**Task brief**: Each line below from the one containing "on the carrier" through the one containing "such \<open>x, y\<close>" should be output exactly as it stands, and no other line should appear.
- - - - - - -
(* Given positive integers $n$ and $g$, there exists an integer $d_0$, depending only on $n$ and $g$, such that for every integer $d>d_0$ and every subgroup $H\subset(\mathbb{Z}/d\mathbb{Z})^\times$ of index $2g$, every coset of $H$ in $(\mathbb{Z}/d\mathbb{Z})^\times$ contains an element whose least nonnegative residue modulo $d$ lies in the open interval $(0,d/n)$. *)

theory Defs
  imports "HOL-Number_Theory.Number_Theory"
begin

text \<open>The unit group (Z/dZ)^* realised as the units of the library residue ring
  on the carrier {0..d-1}; elements are thus least nonnegative residues.\<close>
abbreviation units_mod :: "nat \<Rightarrow> int monoid" where
  "units_mod d \<equiv> units_of (residue_ring (int d))"

end

theory Submission
  imports Defs
begin

text \<open>Let \<open>L = d div (2n + 1)\<close>, so that \<open>x + y < d / n\<close> for \<open>x, y \<in> {1..L}\<close>; it suffices to find
  such \<open>x, y\<close> with \<open>x + y \<in> C\<close>. Orthogonality of the additive characters mod \<open>d\<close> writes \<open>d\<close> times
  the number of these pairs as \<open>\<Sum>\<^sub>b S\<^sub>J(b)\<^sup>2 conj S\<^sub>C(b)\<close>, where \<open>J = {1..L}\<close>; the term \<open>b = 0\<close>
  is \<open>L\<^sup>2 card C\<close>. Since \<open>C\<close> is invariant under \<open>H\<close>, \<open>S\<^sub>C\<close> is constant on the \<open>card H\<close>
  frequencies \<open>b u\<close>, \<open>u \<in> H\<close>, and Parseval gives \<open>|S\<^sub>C(b)|\<^sup>2 \<le> d gcd(b, d)\<close>. Together with
  Parseval for \<open>J\<close> this bounds the other terms by \<open>L d\<^sup>3\<^sup>/\<^sup>2 \<Sum>\<^sub>c\<^sub>|\<^sub>d c\<^sup>-\<^sup>1\<^sup>/\<^sup>2\<close>, and
  the divisor sum is \<open>O(d\<^sup>1\<^sup>/\<^sup>4 \<phi>(d) / d)\<close>. As \<open>card C = \<phi>(d) / (2g)\<close>, the main term wins
  once \<open>d\<close> is large in terms of \<open>n\<close> and \<open>g\<close>.\<close>

section \<open>Additive characters and exponential sums\<close>

definition add_char :: "int \<Rightarrow> int \<Rightarrow> complex" where
  "add_char m t = cis (2 * pi * of_int t / of_int m)"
- - - - - - -
**Your response**:
  on the carrier {0..d-1}; elements are thus least nonnegative residues.\<close>
abbreviation units_mod :: "nat \<Rightarrow> int monoid" where
  "units_mod d \<equiv> units_of (residue_ring (int d))"

end

theory Submission
  imports Defs
begin

text \<open>Let \<open>L = d div (2n + 1)\<close>, so that \<open>x + y < d / n\<close> for \<open>x, y \<in> {1..L}\<close>; it suffices to find
  such \<open>x, y\<close> with \<open>x + y \<in> C\<close>. Orthogonality of the additive characters mod \<open>d\<close> writes \<open>d\<close> times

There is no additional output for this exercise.